> **What to do**
Instruction for the entries that follow: retype exactly the lines from the line with "by (rule norm_involution[OF" to the line with "b)) \<le> norm a", both included, and omit all others.

═════ Given data

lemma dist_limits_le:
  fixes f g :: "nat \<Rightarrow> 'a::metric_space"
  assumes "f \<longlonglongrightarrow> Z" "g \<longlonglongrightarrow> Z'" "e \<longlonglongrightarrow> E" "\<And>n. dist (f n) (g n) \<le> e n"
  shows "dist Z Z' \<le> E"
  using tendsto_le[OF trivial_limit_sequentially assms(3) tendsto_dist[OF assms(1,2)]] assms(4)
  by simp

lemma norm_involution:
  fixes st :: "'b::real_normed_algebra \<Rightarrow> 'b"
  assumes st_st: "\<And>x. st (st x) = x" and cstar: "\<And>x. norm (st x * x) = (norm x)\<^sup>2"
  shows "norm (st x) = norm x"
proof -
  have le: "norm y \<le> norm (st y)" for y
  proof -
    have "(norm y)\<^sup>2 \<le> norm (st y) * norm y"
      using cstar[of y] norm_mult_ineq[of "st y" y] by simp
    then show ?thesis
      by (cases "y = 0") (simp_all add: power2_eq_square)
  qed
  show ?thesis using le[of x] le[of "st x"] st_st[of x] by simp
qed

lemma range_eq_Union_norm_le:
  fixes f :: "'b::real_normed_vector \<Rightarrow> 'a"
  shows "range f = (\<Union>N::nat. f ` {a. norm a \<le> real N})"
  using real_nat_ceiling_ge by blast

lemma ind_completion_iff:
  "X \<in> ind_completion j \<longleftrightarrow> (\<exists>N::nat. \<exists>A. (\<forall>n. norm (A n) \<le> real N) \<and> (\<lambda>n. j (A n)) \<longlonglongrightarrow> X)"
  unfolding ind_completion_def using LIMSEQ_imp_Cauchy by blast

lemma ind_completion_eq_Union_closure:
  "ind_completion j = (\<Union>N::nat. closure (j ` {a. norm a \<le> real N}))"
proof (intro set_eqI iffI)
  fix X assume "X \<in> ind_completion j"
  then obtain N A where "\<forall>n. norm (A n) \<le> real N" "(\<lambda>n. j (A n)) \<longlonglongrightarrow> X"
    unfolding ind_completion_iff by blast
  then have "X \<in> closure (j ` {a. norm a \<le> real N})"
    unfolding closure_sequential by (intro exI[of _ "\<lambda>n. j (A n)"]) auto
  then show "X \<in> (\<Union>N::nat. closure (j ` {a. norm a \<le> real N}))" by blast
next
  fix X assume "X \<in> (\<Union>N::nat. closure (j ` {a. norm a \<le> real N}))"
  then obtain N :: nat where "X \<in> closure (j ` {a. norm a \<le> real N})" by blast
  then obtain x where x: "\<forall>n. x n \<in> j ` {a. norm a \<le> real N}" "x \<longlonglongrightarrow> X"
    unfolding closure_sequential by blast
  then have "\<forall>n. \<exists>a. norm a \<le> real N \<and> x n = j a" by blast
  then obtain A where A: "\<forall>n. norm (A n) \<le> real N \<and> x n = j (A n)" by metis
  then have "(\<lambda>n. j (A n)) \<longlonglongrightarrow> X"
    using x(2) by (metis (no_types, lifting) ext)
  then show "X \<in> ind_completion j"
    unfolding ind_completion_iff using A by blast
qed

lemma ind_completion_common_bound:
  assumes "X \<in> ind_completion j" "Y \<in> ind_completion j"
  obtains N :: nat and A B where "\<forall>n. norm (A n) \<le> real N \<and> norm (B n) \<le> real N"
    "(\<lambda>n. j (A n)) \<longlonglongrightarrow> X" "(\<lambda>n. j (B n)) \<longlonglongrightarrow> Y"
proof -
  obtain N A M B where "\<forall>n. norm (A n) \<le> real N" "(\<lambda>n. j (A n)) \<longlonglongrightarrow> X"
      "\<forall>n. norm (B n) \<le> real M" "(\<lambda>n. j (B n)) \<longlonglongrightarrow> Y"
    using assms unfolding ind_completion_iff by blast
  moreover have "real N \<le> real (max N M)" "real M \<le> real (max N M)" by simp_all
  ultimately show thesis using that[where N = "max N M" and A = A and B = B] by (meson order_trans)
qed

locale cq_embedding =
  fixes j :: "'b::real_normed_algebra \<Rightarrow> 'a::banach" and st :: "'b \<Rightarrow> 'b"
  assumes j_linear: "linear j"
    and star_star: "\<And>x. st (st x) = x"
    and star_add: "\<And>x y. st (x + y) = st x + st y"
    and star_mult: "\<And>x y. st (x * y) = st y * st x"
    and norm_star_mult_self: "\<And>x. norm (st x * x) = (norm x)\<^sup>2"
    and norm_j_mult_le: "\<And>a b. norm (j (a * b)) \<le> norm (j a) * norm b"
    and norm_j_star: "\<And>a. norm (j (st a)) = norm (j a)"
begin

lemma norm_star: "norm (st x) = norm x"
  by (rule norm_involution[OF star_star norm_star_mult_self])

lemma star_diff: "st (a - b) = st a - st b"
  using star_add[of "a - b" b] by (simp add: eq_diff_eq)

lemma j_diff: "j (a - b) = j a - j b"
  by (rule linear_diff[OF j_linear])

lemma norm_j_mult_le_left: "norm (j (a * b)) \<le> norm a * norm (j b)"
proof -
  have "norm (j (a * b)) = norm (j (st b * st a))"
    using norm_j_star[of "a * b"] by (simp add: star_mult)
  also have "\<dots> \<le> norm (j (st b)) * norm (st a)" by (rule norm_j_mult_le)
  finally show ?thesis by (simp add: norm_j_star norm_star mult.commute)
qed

══════════

> **Completed task**
  by (rule norm_involution[OF star_star norm_star_mult_self])

lemma star_diff: "st (a - b) = st a - st b"
  using star_add[of "a - b" b] by (simp add: eq_diff_eq)

lemma j_diff: "j (a - b) = j a - j b"
  by (rule linear_diff[OF j_linear])

lemma norm_j_mult_le_left: "norm (j (a * b)) \<le> norm a * norm (j b)"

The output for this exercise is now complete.